• _What you have to do_
Each line from the one containing "by (simp only: assms)" through the last line of the records below is to be set down exactly; the rest stays out.

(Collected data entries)
lemma nd_decomp_two_outer_prods:
  assumes "u \<in> order_cone" "w \<in> order_cone" "x \<in> order_cone" "y \<in> order_cone"
  shows "nd_decomp (outer_prod u x + outer_prod w y) 2"
  unfolding nd_decomp_def
proof (intro exI conjI)
  show "\<forall>i<2. (if i = 0 then u else w) \<in> order_cone \<and> (if i = 0 then x else y) \<in> order_cone"
    using assms by auto
  show "outer_prod u x + outer_prod w y
      = (\<Sum>i<2. outer_prod (if i = 0 then u else w) (if i = (0::nat) then x else y))"
    by (simp add: numeral_2_eq_2)
qed

lemma vec_linear_columns_in_order_cone:
  fixes T :: "real^'p2::{finite,order}^'p1::{finite,order}"
  assumes "linear Z" "\<And>j. 0 \<le> Z (column j T)"
    and "\<And>j j'. j \<le> j' \<Longrightarrow> 0 \<le> Z (column j' T - column j T)"
  shows "(\<chi> j. Z (column j T)) \<in> order_cone"
  using assms by (simp add: order_cone_def linear_diff)

lemma eq_outer_prod_add_if_columns:
  fixes T :: "real^'n^'m"
  assumes "\<And>j. x $ j *\<^sub>R u + y $ j *\<^sub>R w = column j T"
  shows "T = outer_prod u x + outer_prod w y"
proof -
  have "T $ k $ j = column j T $ k" for k j
    by (simp add: column_def)
  also have "column j T $ k = (x $ j *\<^sub>R u + y $ j *\<^sub>R w) $ k" for k j
    by (simp only: assms)
  finally show ?thesis
    by (simp add: vec_eq_iff outer_prod_def mult.commute)
qed

lemma rank_two_columns_basis:
  fixes T :: "real^'n^'m"
  assumes "rank T = 2"
  obtains p q where "p \<in> columns T" "q \<in> columns T" "independent {p, q}" "p \<noteq> q"
    "columns T \<subseteq> span {p, q}"
proof -
  obtain B where "B \<subseteq> columns T" "independent B" "columns T \<subseteq> span B" "card B = 2"
    using basis_exists[of "columns T"] assms by (metis column_rank_def)
  then show ?thesis
    using that by (metis card_2_iff insert_subset)
qed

• _Answer to this exercise_
    by (simp only: assms)
  finally show ?thesis
    by (simp add: vec_eq_iff outer_prod_def mult.commute)
qed

lemma rank_two_columns_basis:
  fixes T :: "real^'n^'m"
  assumes "rank T = 2"
  obtains p q where "p \<in> columns T" "q \<in> columns T" "independent {p, q}" "p \<noteq> q"
    "columns T \<subseteq> span {p, q}"
proof -
  obtain B where "B \<subseteq> columns T" "independent B" "columns T \<subseteq> span B" "card B = 2"
    using basis_exists[of "columns T"] assms by (metis column_rank_def)
  then show ?thesis
    using that by (metis card_2_iff insert_subset)
qed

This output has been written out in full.